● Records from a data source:
(* Let $p_j>0$, $q_{j+1}>0$, $r_j\ge 0$ ($j\ge 0$) be the one-step transition probabilities of a random walk on $\mathcal{N}=\{0,1,2,\dots\}$ (up-step $p_j$, holding $r_j$, down-step $q_j$ from state $j$), with $q_0:=0$ and $p_j+q_j+r_j=1$ for all $j\ge0$. Let $\pi_0:=1$, $\pi_n:=\frac{p_0\cdots p_{n-1}}{q_1\cdots q_n}$ ($n\ge1$), and define polynomials $Q_n$ by $Q_0(x)=1$, $p_0Q_1(x)=x-r_0$, and $xQ_n(x)=q_nQ_{n-1}(x)+r_nQ_n(x)+p_nQ_{n+1}(x)$ for $n\ge 1$. Let $\psi$ be the unique Borel probability measure on $[-1,1]$ with infinite support with respect to which the $Q_n$ are orthogonal, and let $\eta:=\sup\operatorname{supp}(\psi)$. If \[\sum_{j\ge 0}\frac{1}{p_j\pi_j}\sum_{k=0}^j r_k\pi_k=\infty,\] then $\lim_{n\to\infty}|Q_n(-\eta)/Q_n(\eta)|=\infty$.
   Context: It is known that $\eta>0$ and that $Q_n(x)>0$ for all $n\ge0$ whenever $x\ge\eta$. *)

theory Defs
  imports "HOL-Analysis.Analysis" "HOL-Probability.Probability"
begin

fun bdQ :: "(nat \<Rightarrow> real) \<Rightarrow> (nat \<Rightarrow> real) \<Rightarrow> (nat \<Rightarrow> real) \<Rightarrow> nat \<Rightarrow> real \<Rightarrow> real" where
  "bdQ p q r 0 x = 1"
| "bdQ p q r (Suc 0) x = (x - r 0) / p 0"
| "bdQ p q r (Suc (Suc n)) x =
     ((x - r (Suc n)) * bdQ p q r (Suc n) x - q (Suc n) * bdQ p q r n x) / p (Suc n)"

definition bdpi :: "(nat \<Rightarrow> real) \<Rightarrow> (nat \<Rightarrow> real) \<Rightarrow> nat \<Rightarrow> real" where
  "bdpi p q n = (\<Prod>i<n. p i) / (\<Prod>i\<in>{1..n}. q i)"

definition msupport :: "real measure \<Rightarrow> real set" where
  "msupport M = {x. \<forall>e>0. emeasure M (ball x e) > 0}"

end

theory Submission
  imports Defs
begin

text \<open>Write Q_n for Q_n(\<eta>) > 0 and R_n for (-1)^n Q_n(-\<eta>) (called Qrefl below).
  R_n satisfies the recurrence of Q_n with r_n replaced by -r_n, so the discrete Wronskian
  \<pi>_n p_n (R_(n+1) Q_n - Q_(n+1) R_n) equals 2 \<Sum>_(k\<le>n) r_k \<pi>_k R_k Q_k. Inductively this
  gives R_n \<ge> Q_n. Since \<eta> \<le> 1 makes Q_n nonincreasing, the Wronskian then bounds the
  increment of R_n / Q_n from below by 2/(p_n \<pi>_n) \<Sum>_(k\<le>n) r_k \<pi>_k, the n-th term of the
  divergent series.\<close>

lemma msupport_subset_closed:
  assumes "sets M = sets borel" and "closed C" and "emeasure M (- C) = 0"
  shows "msupport M \<subseteq> C"
proof
  fix x assume x: "x \<in> msupport M"
  show "x \<in> C"
  proof (rule ccontr)
    assume "x \<notin> C"
    then obtain e where e: "e > 0" "ball x e \<subseteq> - C"
      using \<open>closed C\<close> open_contains_ball by (metis ComplI open_Compl)
    have "emeasure M (ball x e) \<le> emeasure M (- C)"
      using e assms(1,2) by (intro emeasure_mono) (auto simp: sets_eq_imp_space_eq)
    with assms(3) x e(1) show False
      unfolding msupport_def by auto
  qed
qed

lemma filterlim_partial_sums_at_top:
  fixes a :: "nat \<Rightarrow> real"
  assumes nonneg: "\<And>n. a n \<ge> 0" and "\<not> summable a"
  shows "filterlim (\<lambda>n. \<Sum>i<n. a i) at_top sequentially"
  unfolding filterlim_at_top
proof
  fix Z :: real
  obtain N where N: "(\<Sum>i<N. a i) > Z"
    using summableI_nonneg_bounded[of a Z] nonneg \<open>\<not> summable a\<close> by (meson not_le)
  have "Z \<le> (\<Sum>i<n. a i)" if "N \<le> n" for n
    using N sum_mono2[of "{..<n}" "{..<N}" a] that nonneg by auto
  then show "\<forall>\<^sub>F n in sequentially. Z \<le> (\<Sum>i<n. a i)"
    by (rule eventually_sequentiallyI)
qed

locale birth_death_chain =
  fixes p q r :: "nat \<Rightarrow> real"
  assumes p_pos: "\<And>j. p j > 0"
      and q_pos: "\<And>j. q (Suc j) > 0"
      and q_0: "q 0 = 0"
      and r_nonneg: "\<And>j. r j \<ge> 0"
      and stochastic: "\<And>j. p j + q j + r j = 1"
begin

abbreviation Q :: "nat \<Rightarrow> real \<Rightarrow> real" where
  "Q \<equiv> bdQ p q r"

definition Qrefl :: "nat \<Rightarrow> real \<Rightarrow> real" where
  "Qrefl n x = (-1) ^ n * Q n (-x)"

definition hold_term :: "nat \<Rightarrow> real" where
  "hold_term j = 1 / (p j * bdpi p q j) * (\<Sum>k\<le>j. r k * bdpi p q k)"

lemma bdpi_pos: "bdpi p q n > 0"
proof -
  have "(\<Prod>i\<in>{1..n}. q i) > 0"
    using q_pos by (intro prod_pos) (metis atLeastAtMost_iff not0_implies_Suc not_one_le_zero)
  then show ?thesis
    unfolding bdpi_def using p_pos by (simp add: prod_pos)
qed

lemma bdpi_Suc: "bdpi p q (Suc n) * q (Suc n) = bdpi p q n * p n"
proof -
  have "{1..Suc n} = insert (Suc n) {1..n}" by auto
  then show ?thesis
    unfolding bdpi_def using q_pos[of n] by (simp add: field_simps)
qed

text \<open>The truncated index n - 1 at n = 0 is harmless because q 0 = 0.\<close>

lemma Q_Suc: "p n * Q (Suc n) x = (x - r n) * Q n x - q n * Q (n - 1) x"
  using p_pos[of n] q_0 by (cases n) (auto simp: less_irrefl)

lemma Qrefl_Suc: "p n * Qrefl (Suc n) x = (x + r n) * Qrefl n x - q n * Qrefl (n - 1) x"
proof (cases n)
  case 0
  then show ?thesis
    using p_pos[of 0] q_0 unfolding Qrefl_def by simp
next
  case (Suc m)
  have "p n * Qrefl (Suc n) x = (-1) ^ m * (p n * Q (Suc n) (-x))"
    unfolding Qrefl_def Suc by simp
  also have "\<dots> = (-1) ^ m * ((- x - r n) * Q n (-x) - q n * Q m (-x))"
    using Q_Suc[of n "-x"] Suc by simp
  also have "\<dots> = (x + r n) * Qrefl n x - q n * Qrefl (n - 1) x"
    unfolding Qrefl_def Suc by (simp add: algebra_simps)
  finally show ?thesis .
qed

lemma Q_decseq:
  assumes "x \<le> 1" and Q_pos: "\<And>n. Q n x > 0"
  shows "decseq (\<lambda>n. Q n x)"
proof (rule decseq_SucI)
  fix n show "Q (Suc n) x \<le> Q n x"
  proof (induction n)
    case 0
    show ?case
      using \<open>x \<le> 1\<close> stochastic[of 0] q_0 p_pos[of 0] by (simp add: pos_divide_le_eq)
  next
    case (Suc n)
    have r_eq: "r (Suc n) = 1 - p (Suc n) - q (Suc n)"
      using stochastic[of "Suc n"] by linarith
    have "p (Suc n) * (Q (Suc (Suc n)) x - Q (Suc n) x)
        = (x - 1) * Q (Suc n) x + q (Suc n) * (Q (Suc n) x - Q n x)"
      using Q_Suc[of "Suc n" x] unfolding r_eq by (simp del: bdQ.simps add: algebra_simps)
    also have "\<dots> \<le> 0"
      using \<open>x \<le> 1\<close> Q_pos[of "Suc n"] Suc q_pos[of n]
      by (intro add_nonpos_nonpos) (simp_all add: mult_le_0_iff)
    finally show ?case
      using p_pos[of "Suc n"] by (simp add: mult_le_0_iff)
  qed
qed

lemma wronskian:
  "bdpi p q n * p n * (Qrefl (Suc n) x * Q n x - Q (Suc n) x * Qrefl n x)
     = 2 * (\<Sum>k\<le>n. r k * bdpi p q k * Qrefl k x * Q k x)"
proof (induction n)
  case 0
  show ?case
    using Qrefl_Suc[of 0 x] Q_Suc[of 0 x] q_0
    unfolding Qrefl_def by (simp add: bdpi_def algebra_simps)
next
  case (Suc n)
  let ?\<pi> = "bdpi p q (Suc n)"
  have "?\<pi> * p (Suc n) * (Qrefl (Suc (Suc n)) x * Q (Suc n) x - Q (Suc (Suc n)) x * Qrefl (Suc n) x)
      = ?\<pi> * ((p (Suc n) * Qrefl (Suc (Suc n)) x) * Q (Suc n) x
               - (p (Suc n) * Q (Suc (Suc n)) x) * Qrefl (Suc n) x)"
    by (simp add: algebra_simps)
  also have "\<dots> = 2 * r (Suc n) * ?\<pi> * Qrefl (Suc n) x * Q (Suc n) x
      + (?\<pi> * q (Suc n)) * (Qrefl (Suc n) x * Q n x - Q (Suc n) x * Qrefl n x)"
    unfolding Qrefl_Suc[of "Suc n"] Q_Suc[of "Suc n"] by (simp add: algebra_simps)
  also have "\<dots> = 2 * (\<Sum>k\<le>Suc n. r k * bdpi p q k * Qrefl k x * Q k x)"
    using Suc unfolding bdpi_Suc by (simp add: algebra_simps)
  finally show ?case .
qed

lemma Q_le_Qrefl:
  assumes Q_pos: "\<And>n. Q n x > 0"
  shows "Q n x \<le> Qrefl n x"
proof (induction n rule: less_induct)
  case (less n)
  show ?case
  proof (cases n)
    case 0
    then show ?thesis unfolding Qrefl_def by simp
  next
    case (Suc m)
    have "0 \<le> r k * bdpi p q k * Qrefl k x * Q k x" if "k \<le> m" for k
    proof -
      have "0 \<le> Qrefl k x"
        using less[of k] Q_pos[of k] that Suc by fastforce
      then show ?thesis
        using r_nonneg[of k] bdpi_pos[of k] Q_pos[of k] by simp
    qed
    then have "0 \<le> (\<Sum>k\<le>m. r k * bdpi p q k * Qrefl k x * Q k x)"
      by (intro sum_nonneg) auto
    then have "0 \<le> bdpi p q m * p m * (Qrefl (Suc m) x * Q m x - Q (Suc m) x * Qrefl m x)"
      unfolding wronskian by simp
    then have "Q (Suc m) x * Qrefl m x \<le> Qrefl (Suc m) x * Q m x"
      using mult_pos_pos[OF bdpi_pos[of m] p_pos[of m]] by (simp add: zero_le_mult_iff)
    moreover have "Q (Suc m) x * Q m x \<le> Q (Suc m) x * Qrefl m x"
      using less[of m] Suc Q_pos[of "Suc m"] by simp
    ultimately have "Q m x * Q (Suc m) x \<le> Q m x * Qrefl (Suc m) x"
      by (metis mult.commute order_trans)
    then show ?thesis
      using Q_pos[of m] Suc by simp
  qed
qed

lemma hold_term_nonneg: "hold_term j \<ge> 0"
  unfolding hold_term_def
  using p_pos[of j] bdpi_pos r_nonneg by (intro mult_nonneg_nonneg sum_nonneg) (auto intro: less_imp_le)

lemma ratio_increment:
  assumes "x \<le> 1" and Q_pos: "\<And>n. Q n x > 0"
  shows "Qrefl (Suc n) x / Q (Suc n) x - Qrefl n x / Q n x \<ge> 2 * hold_term n"
proof -
  have Q_dec: "Q j x \<le> Q k x" if "k \<le> j" for j k
    using decseqD[OF Q_decseq[OF assms] that] .
  have "r k * bdpi p q k * (Q n x * Q (Suc n) x) \<le> r k * bdpi p q k * Qrefl k x * Q k x"
    if "k \<le> n" for k
  proof -
    have "Q n x * Q (Suc n) x \<le> Q k x * Q k x"
      using Q_dec[of k n] Q_dec[of k "Suc n"] that Q_pos[of n] Q_pos[of "Suc n"]
      by (intro mult_mono) auto
    also have "\<dots> \<le> Qrefl k x * Q k x"
      using Q_le_Qrefl[OF Q_pos, of k] Q_pos[of k] by simp
    finally show ?thesis
      using r_nonneg[of k] bdpi_pos[of k] by (simp add: mult_left_mono mult.assoc)
  qed
  then have "(\<Sum>k\<le>n. r k * bdpi p q k) * (Q n x * Q (Suc n) x)
      \<le> (\<Sum>k\<le>n. r k * bdpi p q k * Qrefl k x * Q k x)"
    unfolding sum_distrib_right by (intro sum_mono) auto
  then have "2 * (Q n x * Q (Suc n) x) * (\<Sum>k\<le>n. r k * bdpi p q k)
      \<le> bdpi p q n * p n * (Qrefl (Suc n) x * Q n x - Q (Suc n) x * Qrefl n x)"
    unfolding wronskian by (simp add: mult_ac)
  then show ?thesis
    unfolding hold_term_def using Q_pos[of n] Q_pos[of "Suc n"] bdpi_pos[of n] p_pos[of n]
    by (simp add: field_simps)
qed

lemma ratio_lower_bound:
  assumes "x \<le> 1" and "\<And>n. Q n x > 0"
  shows "Qrefl n x / Q n x \<ge> 1 + 2 * (\<Sum>j<n. hold_term j)"
proof (induction n)
  case 0
  then show ?case unfolding Qrefl_def by simp
next
  case (Suc n)
  then show ?case using ratio_increment[OF assms, of n] by simp
qed

lemma abs_ratio_tendsto_at_top:
  assumes "x \<le> 1" and Q_pos: "\<And>n. Q n x > 0" and "\<not> summable hold_term"
  shows "filterlim (\<lambda>n. \<bar>Q n (-x) / Q n x\<bar>) at_top sequentially"
proof (rule filterlim_at_top_mono)
  show "filterlim (\<lambda>n. 1 + 2 * (\<Sum>j<n. hold_term j)) at_top sequentially"
    using filterlim_partial_sums_at_top[OF hold_term_nonneg \<open>\<not> summable hold_term\<close>]
    by (intro filterlim_tendsto_add_at_top filterlim_tendsto_pos_mult_at_top) auto
  have "\<bar>Q n (-x) / Q n x\<bar> = Qrefl n x / Q n x" for n
  proof -
    have "0 \<le> Qrefl n x"
      using Q_le_Qrefl[OF Q_pos, of n] Q_pos[of n] by linarith
    moreover have "\<bar>Q n (-x)\<bar> = \<bar>Qrefl n x\<bar>"
      unfolding Qrefl_def by (simp add: abs_mult power_abs)
    ultimately show ?thesis
      using Q_pos[of n] by (simp add: abs_divide)
  qed
  then show "\<forall>\<^sub>F n in sequentially. 1 + 2 * (\<Sum>j<n. hold_term j) \<le> \<bar>Q n (-x) / Q n x\<bar>"
    using ratio_lower_bound[OF assms(1,2)] by simp
qed

end

theorem proposition1:
  fixes p q r :: "nat \<Rightarrow> real" and \<psi> :: "real measure" and \<eta> :: real
  assumes p_pos: "\<And>j. p j > 0"
      and q_pos: "\<And>j. q (Suc j) > 0"
      and q0: "q 0 = 0"
      and r_nn: "\<And>j. r j \<ge> 0"
      and sum1: "\<And>j. p j + q j + r j = 1"
      and psi_prob: "prob_space \<psi>"
      and psi_sets: "sets \<psi> = sets borel"
      and psi_on: "emeasure \<psi> (UNIV - {-1..1}) = 0"
      and psi_inf: "infinite (msupport \<psi>)"
      and psi_orth: "\<And>m n. m \<noteq> n \<Longrightarrow>
                       integral\<^sup>L \<psi> (\<lambda>x. bdQ p q r m x * bdQ p q r n x) = 0"
      and eta_def: "\<eta> = Sup (msupport \<psi>)"
      and eta_pos: "\<eta> > 0"
      and Q_pos: "\<And>n x. x \<ge> \<eta> \<Longrightarrow> bdQ p q r n x > 0"
      and diverge: "\<not> summable (\<lambda>j. 1 / (p j * bdpi p q j) *
                                    (\<Sum>k\<le>j. r k * bdpi p q k))"
  shows "filterlim (\<lambda>n. \<bar>bdQ p q r n (-\<eta>) / bdQ p q r n \<eta>\<bar>) at_top sequentially"
proof -
  \<comment> \<open>Besides the walk, only \<open>\<eta> \<le> 1\<close> and the positivity of \<open>Q\<^sub>n\<close> on \<open>[\<eta>,\<infinity>)\<close>
    are used; the orthogonality of the \<open>Q\<^sub>n\<close> enters only through \<open>Q_pos\<close>.\<close>
  interpret birth_death_chain p q r
    using p_pos q_pos q0 r_nn sum1 by unfold_locales
  have "msupport \<psi> \<subseteq> {-1..1}"
    using psi_sets psi_on by (intro msupport_subset_closed) (auto simp: Compl_eq_Diff_UNIV)
  moreover have "msupport \<psi> \<noteq> {}"
    using psi_inf by auto
  ultimately have "\<eta> \<le> 1"
    unfolding eta_def by (intro cSup_least) auto
  moreover have "\<not> summable hold_term"
    using diverge unfolding hold_term_def .
  ultimately show ?thesis
    using Q_pos by (intro abs_ratio_tendsto_at_top) auto
qed

end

● Task item: Starting at the line that contains "using diverge unfolding hold_term_def .", reproduce each line through the end of the records exactly, both ends included.

● Result below:
    using diverge unfolding hold_term_def .
  ultimately show ?thesis
    using Q_pos by (intro abs_ratio_tendsto_at_top) auto
qed

end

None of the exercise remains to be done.